Member Since: Nov 2010
Location: UK
Posts: 2,004
I understand what you are saying as i feel this way very often and hate how i feel at home, i am mentally ok when i have things to do, and going about them no one would think mu mental state was anything but normal or good, but it is like a light switch as soon as i get indoors alone, i can't be bothered to do things even when i have the energy there, feel sad. bored, unhappy, and just want to hibernate away from everyone and everything, really struggle to make myself go out even though i know once i am outside i feel much better in myself.
I find having things to do from waking up to going to bed helps greatly, i plan my days with no rest periods (unless i need a duvet day in which i just accept i will do nothing but sleep, watch tv and talk on here) and always try to go out even if it is just to window shop in the local town.
I think why i feel this way is down to isolation, i know no one will check on me, no one would be concerned about me if they hadn't seen me for a week or two (i have no carer at present) so the 'whats the point' bug hits.

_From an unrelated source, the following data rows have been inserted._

(* For the propositional CNF formula $MAP_n^1$ (defined in the context), every resolution refutation of $MAP_n^1$ has size exponential in $n$.
   Context: MAP planning domain. Fix $n\ge 2$. The map is an undirected graph with $3n-3$ nodes: a centre $L^0$; a path (branch 1) $L^0 - L_1^1 - L_1^2 - \dots - L_1^{2n-3}$; and, for each $i=2,\dots,n$, a single node $L_i^1$ adjacent to $L^0$. Facts are $at\text{-}x$ and $visited\text{-}x$ for nodes $x$. For every edge $\{x,y\}$ and both orientations there is an action $move\text{-}x\text{-}y$ with precondition $\{at\text{-}x\}$, add effects $\{at\text{-}y, visited\text{-}y\}$ and delete effect $\{at\text{-}x\}$. The initial state is $\{at\text{-}L^0\}$. For $k\in\{1,3,\dots,2n-3\}$ the goal of task $MAP_n^k$ is: for $k=1$, $\{visited\text{-}L_1^1,\dots,visited\text{-}L_n^1\}$; each increase of $k$ by 2 moves the branch-1 goal two steps further out along branch 1 (the goal becomes $visited\text{-}L_1^k$) and drops one of the goals $visited\text{-}L_i^1$, $i\ge 2$; for $k=2n-3$ the goal is $\{visited\text{-}L_1^{2n-3}, visited\text{-}L_2^1\}$. The CNF formula $MAP_n^k$ is the standard Graphplan-based (Blackbox-style) SAT encoding of task $MAP_n^k$ with $T=2n-2$ time steps (one fewer than the length $2n-1$ of a shortest plan, so the formula is unsatisfiable). Build the Graphplan planning graph from the initial state, with a NOOP action $NOOP\text{-}p$ (precondition $\{p\}$, add $\{p\}$) for every fact $p$. For each time step $t=1,\dots,T$ there is a Boolean variable $a(t)$ for every action $a$ (including NOOPs) present in action layer $t$ of the planning graph. Clauses: (i) goal clauses: for each goal fact $g$, the clause $\{a(T): g\in add(a)\}$; (ii) precondition clauses: for each variable $a(t)$ with $t\ge 2$ and each $p\in pre(a)$, the clause $\{\neg a(t)\}\cup\{a'(t-1): p\in add(a')\}$; (iii) mutex clauses $\{\neg a(t),\neg a'(t)\}$ for each pair of actions that Graphplan marks mutually exclusive at layer $t$ (interference: one deletes a precondition or add effect of the other; or competing needs: mutually exclusive preconditions). In this encoding any two move actions at the same time step are mutually exclusive. A resolution refutation is a derivation of the empty clause by the resolution rule; its size is the number of clauses in it. *)

theory Defs
  imports Complex_Main
begin

record ('f, 'a) strips =
  acts  :: "'a set"            (* all actions, NOOPs included *)
  pre   :: "'a \<Rightarrow> 'f set"
  adds  :: "'a \<Rightarrow> 'f set"
  dels  :: "'a \<Rightarrow> 'f set"
  init  :: "'f set"
  goal  :: "'f set"

definition act_layer :: "('f,'a) strips \<Rightarrow> 'f set \<Rightarrow> ('f \<times> 'f) set \<Rightarrow> 'a set" where
  "act_layer P F M = {a \<in> acts P. pre P a \<subseteq> F \<and> (\<forall>p\<in>pre P a. \<forall>q\<in>pre P a. (p, q) \<notin> M)}"

definition interfere :: "('f,'a) strips \<Rightarrow> 'a \<Rightarrow> 'a \<Rightarrow> bool" where
  "interfere P a b \<longleftrightarrow>
     dels P a \<inter> (pre P b \<union> adds P b) \<noteq> {} \<or> dels P b \<inter> (pre P a \<union> adds P a) \<noteq> {}"

definition act_mutex :: "('f,'a) strips \<Rightarrow> ('f \<times> 'f) set \<Rightarrow> 'a \<Rightarrow> 'a \<Rightarrow> bool" where
  "act_mutex P M a b \<longleftrightarrow> a \<noteq> b \<and>
     (interfere P a b \<or> (\<exists>p\<in>pre P a. \<exists>q\<in>pre P b. (p, q) \<in> M))"

fun fact_layer :: "('f,'a) strips \<Rightarrow> nat \<Rightarrow> 'f set \<times> ('f \<times> 'f) set" where
  "fact_layer P 0 = (init P, {})"
| "fact_layer P (Suc t) =
     (let F = fst (fact_layer P t); M = snd (fact_layer P t); A = act_layer P F M;
          F' = \<Union> (adds P ` A)
      in (F', {(p, q). p \<in> F' \<and> q \<in> F' \<and>
                 (\<forall>a\<in>A. \<forall>b\<in>A. p \<in> adds P a \<longrightarrow> q \<in> adds P b \<longrightarrow> act_mutex P M a b)}))"

definition actions_at :: "('f,'a) strips \<Rightarrow> nat \<Rightarrow> 'a set" where
  "actions_at P t = act_layer P (fst (fact_layer P (t - 1))) (snd (fact_layer P (t - 1)))"

definition mutex_at :: "('f,'a) strips \<Rightarrow> nat \<Rightarrow> 'a \<Rightarrow> 'a \<Rightarrow> bool" where
  "mutex_at P t a b = act_mutex P (snd (fact_layer P (t - 1))) a b"

datatype 'v lit = Pos 'v | Neg 'v

fun negate :: "'v lit \<Rightarrow> 'v lit" where
  "negate (Pos v) = Neg v"
| "negate (Neg v) = Pos v"

type_synonym 'v clause = "'v lit set"

text \<open>The Blackbox-style encoding with T time steps; variable (a, t) stands for a(t).\<close>
definition graphplan_cnf :: "('f,'a) strips \<Rightarrow> nat \<Rightarrow> ('a \<times> nat) clause set" where
  "graphplan_cnf P T =
     {{Pos (a, T) | a. a \<in> actions_at P T \<and> g \<in> adds P a} | g. g \<in> goal P}
   \<union> {insert (Neg (a, t)) {Pos (a', t - 1) | a'. a' \<in> actions_at P (t - 1) \<and> p \<in> adds P a'}
       | a t p. 2 \<le> t \<and> t \<le> T \<and> a \<in> actions_at P t \<and> p \<in> pre P a}
   \<union> {{Neg (a, t), Neg (b, t)} | a b t. 1 \<le> t \<and> t \<le> T \<and> a \<in> actions_at P t \<and>
        b \<in> actions_at P t \<and> mutex_at P t a b}"

definition resolvent :: "'v clause \<Rightarrow> 'v clause \<Rightarrow> 'v clause \<Rightarrow> bool" where
  "resolvent C D E \<longleftrightarrow> (\<exists>l. l \<in> C \<and> negate l \<in> D \<and> E = (C - {l}) \<union> (D - {negate l}))"

text \<open>A resolution refutation: a sequence of clauses, each an input clause or a resolvent
  of two earlier ones, ending with the empty clause. Its size is its length.\<close>
definition refutation :: "'v clause set \<Rightarrow> 'v clause list \<Rightarrow> bool" where
  "refutation F R \<longleftrightarrow> R \<noteq> [] \<and> last R = {} \<and>
     (\<forall>i < length R. R ! i \<in> F \<or> (\<exists>j < i. \<exists>k < i. resolvent (R ! j) (R ! k) (R ! i)))"

text \<open>L0 is the centre; L i j is node L_i^j (branch i, depth j).\<close>
datatype node = L0 | L nat nat

datatype fact = At node | Visited node

datatype action = Move node node | Noop fact

definition map_nodes :: "nat \<Rightarrow> node set" where
  "map_nodes n = {L0} \<union> {L 1 j | j. 1 \<le> j \<and> j \<le> 2 * n - 3} \<union> {L i 1 | i. 2 \<le> i \<and> i \<le> n}"

definition map_adj0 :: "nat \<Rightarrow> node \<Rightarrow> node \<Rightarrow> bool" where
  "map_adj0 n x y \<longleftrightarrow>
     (x = L0 \<and> (\<exists>i. 1 \<le> i \<and> i \<le> n \<and> y = L i 1)) \<or>
     (\<exists>j. 1 \<le> j \<and> j + 1 \<le> 2 * n - 3 \<and> x = L 1 j \<and> y = L 1 (j + 1))"

definition map_edge :: "nat \<Rightarrow> node \<Rightarrow> node \<Rightarrow> bool" where
  "map_edge n x y \<longleftrightarrow> map_adj0 n x y \<or> map_adj0 n y x"

definition map_facts :: "nat \<Rightarrow> fact set" where
  "map_facts n = {At x | x. x \<in> map_nodes n} \<union> {Visited x | x. x \<in> map_nodes n}"

fun map_pre :: "action \<Rightarrow> fact set" where
  "map_pre (Move x y) = {At x}"
| "map_pre (Noop p) = {p}"

fun map_add :: "action \<Rightarrow> fact set" where
  "map_add (Move x y) = {At y, Visited y}"
| "map_add (Noop p) = {p}"

fun map_del :: "action \<Rightarrow> fact set" where
  "map_del (Move x y) = {At x}"
| "map_del (Noop p) = {}"

definition map_task1 :: "nat \<Rightarrow> (fact, action) strips" where
  "map_task1 n = \<lparr> acts = {Move x y | x y. map_edge n x y} \<union> {Noop p | p. p \<in> map_facts n},
                  pre = map_pre, adds = map_add, dels = map_del,
                  init = {At L0},
                  goal = {Visited (L i 1) | i. 1 \<le> i \<and> i \<le> n} \<rparr>"

definition MAP1_cnf :: "nat \<Rightarrow> (action \<times> nat) clause set" where
  "MAP1_cnf n = graphplan_cnf (map_task1 n) (2 * n - 2)"

end

theory Submission
  imports Defs
begin

(* A critical assignment lets the walker visit all leaves except a missing leaf i, one leaf per
   round of two time steps, and fakes visited-L_i^1 from some time 2f on. It satisfies every
   clause of MAP_n^1 except the precondition clause of the faking NOOP, so each axiom is falsified
   by critical assignments with only one missing leaf. Hence the number of missing leaves for
   which a clause is falsified is at most 1 on axioms, subadditive under resolution and maximal on
   the empty clause, and every refutation contains a clause falsified for between a third and two
   thirds of the leaves. Moving a missing leaf into the round of a visited one shows that such a
   clause is satisfied by all critical assignments visiting leaf j in round h, for quadratically
   many pairs (j, h). The same holds for the critical assignments extending any restriction of
   n/40 rounds, so no such restriction makes all these wide clauses true; but a greedy restriction,
   each step of which fixes a pair forcing a twentieth of the remaining wide clauses, would do so
   if there were fewer than (20/19)^(n/40) of them. *)

section \<open>Parallel runs in the planning graph\<close>

lemma parallel_run_in_fact_layer:
  fixes P :: "('f, 'a) strips" and S :: "nat \<Rightarrow> 'a set" and st :: "nat \<Rightarrow> 'f set"
  assumes st0: "st 0 = init P"
    and stS: "\<And>t. st (Suc t) = \<Union> (adds P ` S (Suc t))"
    and acts: "\<And>t. S (Suc t) \<subseteq> acts P"
    and pre: "\<And>t a. a \<in> S (Suc t) \<Longrightarrow> pre P a \<subseteq> st t"
    and indep: "\<And>t a b. a \<in> S (Suc t) \<Longrightarrow> b \<in> S (Suc t) \<Longrightarrow> a \<noteq> b \<Longrightarrow> \<not> interfere P a b"
  shows "st t \<subseteq> fst (fact_layer P t) \<and> (\<forall>p\<in>st t. \<forall>q\<in>st t. (p, q) \<notin> snd (fact_layer P t))"
proof (induction t)
  case 0
  then show ?case using st0 by simp
next
  case (Suc t)
  define M where "M = snd (fact_layer P t)"
  define A where "A = act_layer P (fst (fact_layer P t)) M"
  have in_A: "S (Suc t) \<subseteq> A"
  proof
    fix a assume a: "a \<in> S (Suc t)"
    then have "pre P a \<subseteq> st t" using pre by blast
    then show "a \<in> A" unfolding A_def M_def act_layer_def using a acts Suc by blast
  qed
  have no_mutex: "\<not> act_mutex P M a b" if "a \<in> S (Suc t)" "b \<in> S (Suc t)" for a b
  proof -
    have "pre P a \<subseteq> st t" "pre P b \<subseteq> st t" using pre that by auto
    then show ?thesis unfolding act_mutex_def M_def using indep[OF that] Suc by blast
  qed
  have layer: "fact_layer P (Suc t) = (\<Union> (adds P ` A), {(p, q). p \<in> \<Union> (adds P ` A) \<and> q \<in> \<Union> (adds P ` A) \<and>
        (\<forall>a\<in>A. \<forall>b\<in>A. p \<in> adds P a \<longrightarrow> q \<in> adds P b \<longrightarrow> act_mutex P M a b)})"
    by (simp add: A_def M_def Let_def)
  have "st (Suc t) \<subseteq> \<Union> (adds P ` A)" using in_A by (auto simp: stS)
  moreover have "(p, q) \<notin> snd (fact_layer P (Suc t))" if pq: "p \<in> st (Suc t)" "q \<in> st (Suc t)" for p q
  proof -
    obtain a b where ab: "a \<in> S (Suc t)" "b \<in> S (Suc t)" "p \<in> adds P a" "q \<in> adds P b"
      using pq unfolding stS by blast
    then have "a \<in> A" "b \<in> A" "\<not> act_mutex P M a b" using in_A no_mutex by auto
    then show ?thesis using ab unfolding layer by auto
  qed
  ultimately show ?case by (simp only: layer fst_conv) blast
qed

finding things you enjoy doing and things which take your mind away from the depressive thoughts helps. reading others difficulties on here, doing a soduko, playing with my gerbils all help me feel better and get my head in a place where i feel up to going out.I also make sure the house is not quiet, i always have the tv or my favourite music playing, not to listen to, but as background noise to break the silence and ground me.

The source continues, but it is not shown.